A Witch in the Forest Primeval

At Christmas, my daughters got me tickets to go out to visit my EldestDaughter & her family in Washington State.

The trip was this last weekend.

I was gone Friday through Monday, and it was…amazing.

This was my first view from the plane… Yeah, it was a wing seat, so?

Ironically, the last time I flew, I was pregnant with EldestDaughter… And this time, 28 years later, I was going to see her.

(And her husband, and my grandkids, yes. My other daughter & her boyfriend were going too, I met up with them in MSP/St.Paul!)

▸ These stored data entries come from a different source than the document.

(* There exists a two-stack automaton $\Gamma_1$ such that $\alpha_n:=G(\Gamma_1,n)\in\{0,1\}$ for all $n$, and such that the infinite binary word $\alpha_1\alpha_2\alpha_3\cdots$ contains every finite binary word as a (consecutive) subword.
   Context: Let $X=\{x_i: i\in\mathbb Z\}$, $X^{-1}=\{x_i^{-1}\}$, $Y=\{y_i\}$, $Y^{-1}=\{y_i^{-1}\}$ be formal labels, and $\varepsilon$ a further label; write $w_1\sim w_2$ if both lie in $X\cup X^{-1}$ or both lie in $Y\cup Y^{-1}$. A two-stack automaton is a finite directed graph $\Gamma$ with vertices $v_1,\dots,v_m$, each vertex $v$ labelled by $\rho(v)\in X\cup X^{-1}\cup Y\cup Y^{-1}\cup\{\varepsilon\}$, such that $\rho(v_1)=\rho(v_2)=\varepsilon$ and there is no edge $v_i\to v_j$ with $\rho(v_i)\sim\rho(v_j)$. A path $\gamma=\gamma_1\cdots\gamma_n$ is a sequence of vertices joined by edges; its length is $n$. Traversing $\gamma$, keep two words $w_X\in X^*$, $w_Y\in Y^*$, initially empty; entering a vertex labelled $x_i$ appends $x_i$ to $w_X$, labelled $x_i^{-1}$ removes $x_i$ from the end of $w_X$ (similarly for $Y$ and $w_Y$), and labelled $\varepsilon$ does nothing. The path is balanced if every step is well defined and both words are empty at the end. $G(\Gamma,n)$ denotes the number of balanced paths of length $n$ from $v_1$ to $v_2$. *)

theory Defs
  imports Main
begin

datatype label = X int | Xinv int | Y int | Yinv int | Eps

definition is_xlabel :: "label \<Rightarrow> bool" where
  "is_xlabel l \<longleftrightarrow> (\<exists>i. l = X i \<or> l = Xinv i)"

definition is_ylabel :: "label \<Rightarrow> bool" where
  "is_ylabel l \<longleftrightarrow> (\<exists>i. l = Y i \<or> l = Yinv i)"

definition sim_label :: "label \<Rightarrow> label \<Rightarrow> bool" where
  "sim_label a b \<longleftrightarrow> (is_xlabel a \<and> is_xlabel b) \<or> (is_ylabel a \<and> is_ylabel b)"

definition two_stack_automaton :: "nat \<Rightarrow> (nat \<Rightarrow> label) \<Rightarrow> (nat \<times> nat) set \<Rightarrow> bool" where
  "two_stack_automaton m rho E \<longleftrightarrow>
     2 \<le> m \<and> E \<subseteq> {1..m} \<times> {1..m} \<and> rho 1 = Eps \<and> rho 2 = Eps \<and>
     (\<forall>(u, v) \<in> E. \<not> sim_label (rho u) (rho v))"

text \<open>Effect of entering a vertex with the given label on the pair of words (w_X, w_Y)
  (words stored as lists of indices); None means the step is not well defined.\<close>
fun step :: "label \<Rightarrow> (int list \<times> int list) option \<Rightarrow> (int list \<times> int list) option" where
  "step _ None = None"
| "step (X i) (Some (wx, wy)) = Some (wx @ [i], wy)"
| "step (Xinv i) (Some (wx, wy)) =
     (if wx \<noteq> [] \<and> last wx = i then Some (butlast wx, wy) else None)"
| "step (Y i) (Some (wx, wy)) = Some (wx, wy @ [i])"
| "step (Yinv i) (Some (wx, wy)) =
     (if wy \<noteq> [] \<and> last wy = i then Some (wx, butlast wy) else None)"
| "step Eps s = s"

definition run :: "(nat \<Rightarrow> label) \<Rightarrow> nat list \<Rightarrow> (int list \<times> int list) option" where
  "run rho \<gamma> = fold (\<lambda>v s. step (rho v) s) \<gamma> (Some ([], []))"

definition balanced :: "(nat \<Rightarrow> label) \<Rightarrow> nat list \<Rightarrow> bool" where
  "balanced rho \<gamma> \<longleftrightarrow> run rho \<gamma> = Some ([], [])"

text \<open>A path is a nonempty sequence of vertices consecutive ones joined by edges;
  its length is the number of vertices.\<close>
definition is_path :: "nat \<Rightarrow> (nat \<times> nat) set \<Rightarrow> nat list \<Rightarrow> bool" where
  "is_path m E \<gamma> \<longleftrightarrow> \<gamma> \<noteq> [] \<and> set \<gamma> \<subseteq> {1..m} \<and>
     (\<forall>k. Suc k < length \<gamma> \<longrightarrow> (\<gamma> ! k, \<gamma> ! Suc k) \<in> E)"

definition G :: "nat \<Rightarrow> (nat \<Rightarrow> label) \<Rightarrow> (nat \<times> nat) set \<Rightarrow> nat \<Rightarrow> nat" where
  "G m rho E n = card {\<gamma>. is_path m E \<gamma> \<and> length \<gamma> = n \<and> hd \<gamma> = 1 \<and> last \<gamma> = 2
                          \<and> balanced rho \<gamma>}"

end

theory Submission
  imports Defs
begin

text \<open>
  The automaton \<open>\<Gamma>\<^sub>1\<close> keeps a counter \<open>c \<ge> 1\<close> in unary on the \<open>x\<close>-stack, above a mode marker
  \<open>1\<close> or \<open>2\<close> at its bottom; the \<open>y\<close>-stack, with marker \<open>1\<close>, is scratch space.  One round
  moves the counter to the \<open>y\<close>-stack doubled, possibly adds one, and moves it back, so an
  accepting path spells out a number \<open>V\<close> in binary, one bit per round, starting from
  \<open>V = 1\<close>.  Paths start in mode 1, switch to mode 2 in exactly one round that appends a
  1-bit, and can only be accepted in mode 2, by draining the counter.  The rounds spent in
  mode 1 are one step longer than the others, so the length of the accepting path for
  \<open>V\<close> with \<open>l\<close> appended bits, switched at the \<open>j\<close>-th of them, is
  \<open>Q V l + j\<close> up to a constant, where \<open>Q V l = 2V\<^sup>2 + 14V + 6l + 3\<close>.  As \<open>Q\<close> grows
  quadratically in \<open>V\<close> while \<open>j \<le> l \<le> log\<^sub>2 V\<close>, the triple \<open>(V, l, j)\<close> is determined by
  the length: every \<open>G(\<Gamma>\<^sub>1, n)\<close> is 0 or 1, and along the lengths \<open>Q V l + j\<close>,
  \<open>j < l\<close>, the sequence reads off the bits of \<open>V\<close> below its leading one.
\<close>

section \<open>Accepting tails of automata given by successor lists\<close>

lemma is_path_Cons_Cons:
  "is_path m E (v # w # q) \<longleftrightarrow> (v, w) \<in> E \<and> v \<in> {1..m} \<and> is_path m E (w # q)"
  unfolding is_path_def by (auto simp: less_Suc_eq_0_disj)

locale successor_lists =
  fixes m :: nat and rho :: "nat \<Rightarrow> label" and succ :: "nat \<Rightarrow> nat list"
begin

definition edges :: "(nat \<times> nat) set" where
  "edges = {(v, w). v \<in> {1..m} \<and> w \<in> set (succ v)}"

lemma two_stack_automatonI:
  assumes "2 \<le> m" "rho 1 = Eps" "rho 2 = Eps"
    and "\<And>v w. v \<in> {1..m} \<Longrightarrow> w \<in> set (succ v) \<Longrightarrow> w \<in> {1..m} \<and>
        \<not> sim_label (rho v) (rho w)"
  shows "two_stack_automaton m rho edges"
proof -
  have "edges \<subseteq> {1..m} \<times> {1..m}" using assms(4) unfolding edges_def by blast
  moreover have "\<forall>(u, v) \<in> edges. \<not> sim_label (rho u) (rho v)" using assms(4) unfolding edges_def by blast
  ultimately show ?thesis using assms(1-3) unfolding two_stack_automaton_def by blast
qed

definition tails :: "nat \<Rightarrow> (int list \<times> int list) option \<Rightarrow> nat \<Rightarrow> nat list set" where
  "tails v s N = {q. is_path m edges (v # q) \<and> last (v # q) = 2 \<and>
     fold (\<lambda>w s. step (rho w) s) q s = Some ([], []) \<and> length q < N}"

text \<open>The cutoff \<open>N\<close> makes statements about the loops of an automaton provable by
  induction on \<open>N\<close>.\<close>
definition spectrum :: "nat \<Rightarrow> (int list \<times> int list) option \<Rightarrow> nat set \<Rightarrow> nat \<Rightarrow> bool" where
  "spectrum v s A N \<longleftrightarrow> inj_on length (tails v s N) \<and> length ` tails v s N = {n \<in> A. n < N}"

lemma fold_step_None: "fold (\<lambda>w s. step (rho w) s) q None = None"
  by (induction q) auto

lemma tails_unfold:
  assumes "v \<in> {1..m}"
  shows "tails v s N = (if v = 2 \<and> s = Some ([], []) \<and> 0 < N then {[]} else {}) \<union>
           (\<Union>w\<in>set (succ v). Cons w ` tails w (step (rho w) s) (N - 1))" (is "?L = ?R")
proof (intro set_eqI iffI)
  fix q assume q: "q \<in> ?L"
  show "q \<in> ?R"
  proof (cases q)
    case (Cons w q')
    then have "w \<in> set (succ v)" "q' \<in> tails w (step (rho w) s) (N - 1)"
      using q by (auto simp: tails_def is_path_Cons_Cons edges_def)
    then show ?thesis using Cons by blast
  qed (use q in \<open>auto simp: tails_def\<close>)
next
  fix q assume q: "q \<in> ?R"
  show "q \<in> ?L"
  proof (cases q)
    case (Cons w q')
    then have "w \<in> set (succ v)" "q' \<in> tails w (step (rho w) s) (N - 1)"
      using q by (auto split: if_splits)
    then show ?thesis using Cons assms by (auto simp: tails_def is_path_Cons_Cons edges_def)
  qed (use q assms in \<open>auto simp: tails_def is_path_def split: if_splits\<close>)
qed

lemma spectrum_0: "spectrum v s A 0"
  by (simp add: spectrum_def tails_def)

lemma spectrum_None: "spectrum v None {} N"
  by (simp add: spectrum_def tails_def fold_step_None)

lemma spectrum_set_cong: "spectrum v s A N \<Longrightarrow> A = B \<Longrightarrow> spectrum v s B N"
  by simp

lemma spectrum_final:
  assumes "2 \<le> m" "succ 2 = []"
  shows "spectrum 2 (Some ([], [])) {0} N"
proof -
  have "tails 2 (Some ([], [])) N = (if 0 < N then {[]} else {})"
    using assms by (subst tails_unfold) auto
  then show ?thesis by (auto simp: spectrum_def)
qed

lemma spectrum_branch:
  assumes v: "v \<in> {1..m}" "v \<noteq> 2"
    and succ: "\<And>w. w \<in> set (succ v) \<Longrightarrow> spectrum w (step (rho w) s) (A w) (N - 1)"
    and disj: "\<And>w w'. w \<in> set (succ v) \<Longrightarrow> w' \<in> set (succ v) \<Longrightarrow>
        w \<noteq> w' \<Longrightarrow> A w \<inter> A w' = {}"
  shows "spectrum v s (\<Union>w\<in>set (succ v). Suc ` A w) N"
proof -
  have T: "tails v s N = (\<Union>w\<in>set (succ v). Cons w ` tails w (step (rho w) s) (N - 1))"
    using tails_unfold[OF v(1)] v(2) by simp
  have "inj_on length (tails v s N)"
  proof (rule inj_onI)
    fix q1 q2 assume q1: "q1 \<in> tails v s N" and q2: "q2 \<in> tails v s N" and l: "length q1 = length q2"
    obtain w1 r1 where w1: "w1 \<in> set (succ v)" "q1 = w1 # r1" "r1 \<in> tails w1 (step (rho w1) s) (N - 1)"
      using q1 T by auto
    obtain w2 r2 where w2: "w2 \<in> set (succ v)" "q2 = w2 # r2" "r2 \<in> tails w2 (step (rho w2) s) (N - 1)"
      using q2 T by auto
    have lr: "length r1 = length r2" using l w1(2) w2(2) by simp
    have "length r1 \<in> A w1" "length r2 \<in> A w2"
      using succ[OF w1(1)] succ[OF w2(1)] w1(3) w2(3) unfolding spectrum_def by blast+
    then have "w1 = w2" using disj[OF w1(1) w2(1)] lr by auto
    then have "r1 = r2" using succ[OF w1(1)] w1(3) w2(3) lr unfolding spectrum_def inj_on_def by auto
    then show "q1 = q2" using w1(2) w2(2) \<open>w1 = w2\<close> by simp
  qed
  moreover have "length ` tails v s N = {n \<in> (\<Union>w\<in>set (succ v). Suc ` A w). n < N}"
  proof (intro set_eqI iffI)
    fix n assume "n \<in> length ` tails v s N"
    then obtain w r where w: "w \<in> set (succ v)" "n = Suc (length r)" "r \<in> tails w (step (rho w) s) (N - 1)"
      using T by auto
    then have "length r \<in> {n \<in> A w. n < N - 1}" using succ[OF w(1)] unfolding spectrum_def by blast
    then show "n \<in> {n \<in> (\<Union>w\<in>set (succ v). Suc ` A w). n < N}" using w by auto
  next
    fix n assume "n \<in> {n \<in> (\<Union>w\<in>set (succ v). Suc ` A w). n < N}"
    then obtain w k where w: "w \<in> set (succ v)" "k \<in> A w" "n = Suc k" "Suc k < N" by auto
    then have "k \<in> length ` tails w (step (rho w) s) (N - 1)"
      using succ[OF w(1)] unfolding spectrum_def by auto
    then obtain r where "r \<in> tails w (step (rho w) s) (N - 1)" "length r = k" by auto
    then show "n \<in> length ` tails v s N" using T w by force
  qed
  ultimately show ?thesis unfolding spectrum_def by blast
qed

lemma spectrum_1:
  assumes "spectrum w s' A N'" "succ v = [w]" "v \<in> {1..m}" "v \<noteq> 2" "step (rho w) s = s'" "N' = N - 1"
  shows "spectrum v s (Suc ` A) N"
  using spectrum_branch[of v s "\<lambda>_. A" N] assms by simp

lemma spectrum_2:
  assumes "v \<in> {1..m}" "v \<noteq> 2" "succ v = [w1, w2]" "w1 \<noteq> w2"
    "spectrum w1 (step (rho w1) s) A1 (N - 1)" "spectrum w2 (step (rho w2) s) A2 (N - 1)" "A1 \<inter> A2 = {}"
  shows "spectrum v s (Suc ` A1 \<union> Suc ` A2) N"
proof -
  have "spectrum v s (\<Union>w\<in>set (succ v). Suc ` (if w = w1 then A1 else A2)) N"
    by (rule spectrum_branch) (use assms in \<open>auto simp: Int_commute\<close>)
  then show ?thesis using assms(3,4) by (auto elim!: spectrum_set_cong)
qed

lemma spectrum_3:
  assumes "v \<in> {1..m}" "v \<noteq> 2" "succ v = [w1, w2, w3]" "distinct [w1, w2, w3]"
    "spectrum w1 (step (rho w1) s) A1 (N - 1)" "spectrum w2 (step (rho w2) s) A2 (N - 1)"
    "spectrum w3 (step (rho w3) s) A3 (N - 1)"
    "A1 \<inter> A2 = {}" "A1 \<inter> A3 = {}" "A2 \<inter> A3 = {}"
  shows "spectrum v s (Suc ` A1 \<union> Suc ` A2 \<union> Suc ` A3) N"
proof -
  have "spectrum v s (\<Union>w\<in>set (succ v). Suc ` (if w = w1 then A1 else if w = w2 then A2 else A3)) N"
    by (rule spectrum_branch) (use assms in \<open>auto simp: Int_commute\<close>)
  then show ?thesis using assms(3,4) by (auto elim!: spectrum_set_cong)
qed

lemma spectrum_4:
  assumes "v \<in> {1..m}" "v \<noteq> 2" "succ v = [w1, w2, w3, w4]" "distinct [w1, w2, w3, w4]"
    "spectrum w1 (step (rho w1) s) A1 (N - 1)" "spectrum w2 (step (rho w2) s) A2 (N - 1)"
    "spectrum w3 (step (rho w3) s) A3 (N - 1)" "spectrum w4 (step (rho w4) s) A4 (N - 1)"
    "A1 \<inter> A2 = {}" "A1 \<inter> A3 = {}" "A1 \<inter> A4 = {}"
    "A2 \<inter> A3 = {}" "A2 \<inter> A4 = {}" "A3 \<inter> A4 = {}"
  shows "spectrum v s (Suc ` A1 \<union> Suc ` A2 \<union> Suc ` A3 \<union> Suc ` A4) N"
proof -
  have "spectrum v s (\<Union>w\<in>set (succ v).
      Suc ` (if w = w1 then A1 else if w = w2 then A2 else if w = w3 then A3 else A4)) N"
    by (rule spectrum_branch) (use assms in \<open>auto simp: Int_commute\<close>)
  then show ?thesis using assms(3,4) by (auto elim!: spectrum_set_cong)
qed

The trip was a whirlwind of sightseeing & visiting with the kids. I don’t know that I got to do a whole lot of sitting unless it was in the car, or in a chair to game with my grandson, Schnicklefritz. (We play Fallout 3 more or less together… I’m teaching a 7-yr. old the skills he needs to survive the Wasteland, don’t hate)

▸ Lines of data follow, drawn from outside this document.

theorem theorem3p12:
  fixes S :: "(real^'n) set"
    and m :: nat
    and f g :: "nat \<Rightarrow> real^'n \<Rightarrow> real"
    and Df :: "nat \<Rightarrow> real^'n \<Rightarrow> real^'n"
    and l :: real
  assumes "S \<noteq> {}" and "closed S" and "convex S"
    and "m \<ge> 1"
    and "\<And>i x. i \<in> {1..m} \<Longrightarrow> x \<in> S \<Longrightarrow>
           (f i has_derivative (\<lambda>h. Df i x \<bullet> h)) (at x)"
    and "\<And>i. i \<in> {1..m} \<Longrightarrow> continuous_on S (Df i)"
    and "\<And>i. i \<in> {1..m} \<Longrightarrow> convex_on S (g i)"
    and "\<And>i. i \<in> {1..m} \<Longrightarrow> continuous_on S (g i)"
    and "l > 0"
  shows "continuous_on S (w_val S m Df g l) \<and> continuous_on S (W_map S m Df g l)"
proof -
  interpret multiobjective_prox S m Df g l
    using assms by unfold_locales auto
  show ?thesis
    using continuous_on_w_val continuous_on_W_map by simp
qed

end
theorem proposition2p1:
  fixes E :: "('v \<times> 'v) set" and N :: nat and w :: "nat \<Rightarrow> 'v \<Rightarrow> real"
  assumes "bounded_degree E"
    and "N \<ge> 2"
    and "\<forall>i\<in>{1..N}. \<forall>v. w i v \<ge> 0"
    and "\<forall>A i. 1 \<le> i \<and> i < N \<longrightarrow>
           (\<Sum>\<^sub>\<infinity>a\<in>A. ennreal (w i a)) \<le> (\<Sum>\<^sub>\<infinity>b\<in>out_nbhd E A. ennreal (w (Suc i) b))"
    and "(\<Sum>\<^sub>\<infinity>v\<in>UNIV. ennreal (w 1 v)) = (\<Sum>\<^sub>\<infinity>v\<in>UNIV. ennreal (w N v))"
    and "(\<Sum>\<^sub>\<infinity>v\<in>UNIV. ennreal (w 1 v)) < \<infinity>"
  shows "\<exists>\<alpha> :: 'v list \<Rightarrow> real. (\<forall>p\<in>paths E N. \<alpha> p \<ge> 0) \<and>
           (\<forall>i\<in>{1..N}. \<forall>v. ennreal (w i v) =
              (\<Sum>\<^sub>\<infinity>p\<in>{p\<in>paths E N. p ! (i - 1) = v}. ennreal (\<alpha> p)))"
proof -
  have lf: "locally_finite_digraph E"
    using assms(1) by (rule bounded_degree_imp_locally_finite)
  obtain \<pi> where "\<forall>i\<in>{1..<N}. coupling E (w i) (w (Suc i)) (\<pi> i)"
    using exists_coupling_chain[OF lf assms(3-6)] by blast
  then obtain \<alpha> where \<alpha>: "\<forall>p. 0 \<le> \<alpha> p" and marginals: "\<forall>j<N. path_marginal E N \<alpha> j = w (Suc j)"
    using exists_path_weight[OF lf, of w N \<pi> N] assms(2,3) by auto
  have "ennreal (w i v) = (\<Sum>\<^sub>\<infinity>p\<in>{p \<in> paths E N. p ! (i - 1) = v}. ennreal (\<alpha> p))"
    if "i \<in> {1..N}" for i v
  proof -
    have "i - 1 < N" "Suc (i - 1) = i" using that by auto
    then show ?thesis
      using marginals infsum_path_marginal[OF lf _ \<alpha>, of "i - 1" N v] by simp
  qed
  with \<alpha> show ?thesis by blast
qed

end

(Lots of “road” pictures, I miss tree variety…)

Skagit Valley Overlook. In the last picture, to the right, next to the trees, you can see the oyster farms, as the tide was out.

Schnicklefritz & MiniMoose (in the background) We went to a Mexican restaurant Saturday night for dinner. The food was excellent, had a meander through town with Youngerdaughter & her beau afterwards, then MOAR GAMING, saith the Schnicklefritz…

Sunday was a trip up towards the “pointy mountains”, as EldestDaughter called them, but they were pretty well hidden in the clouds. We did see Deception Pass. I was able to walk across the first walking bridge…but not the second one…

Ugh.

Even the first one made me nauseated.

No lie.

I just can’t do heights anymore.

As a kid, I used to climb like a monkey up & down the cliff behind our house in Iowa, using saplings like a ladder. I was fearless.

I’m not that kid, anymore.

But, being in Washington…was like stepping into a forest primeval.

Everything was so…lush…

The trees were coated in moss from roots to branches, the ground littered with huge ferns that trailed and meandered everywhere.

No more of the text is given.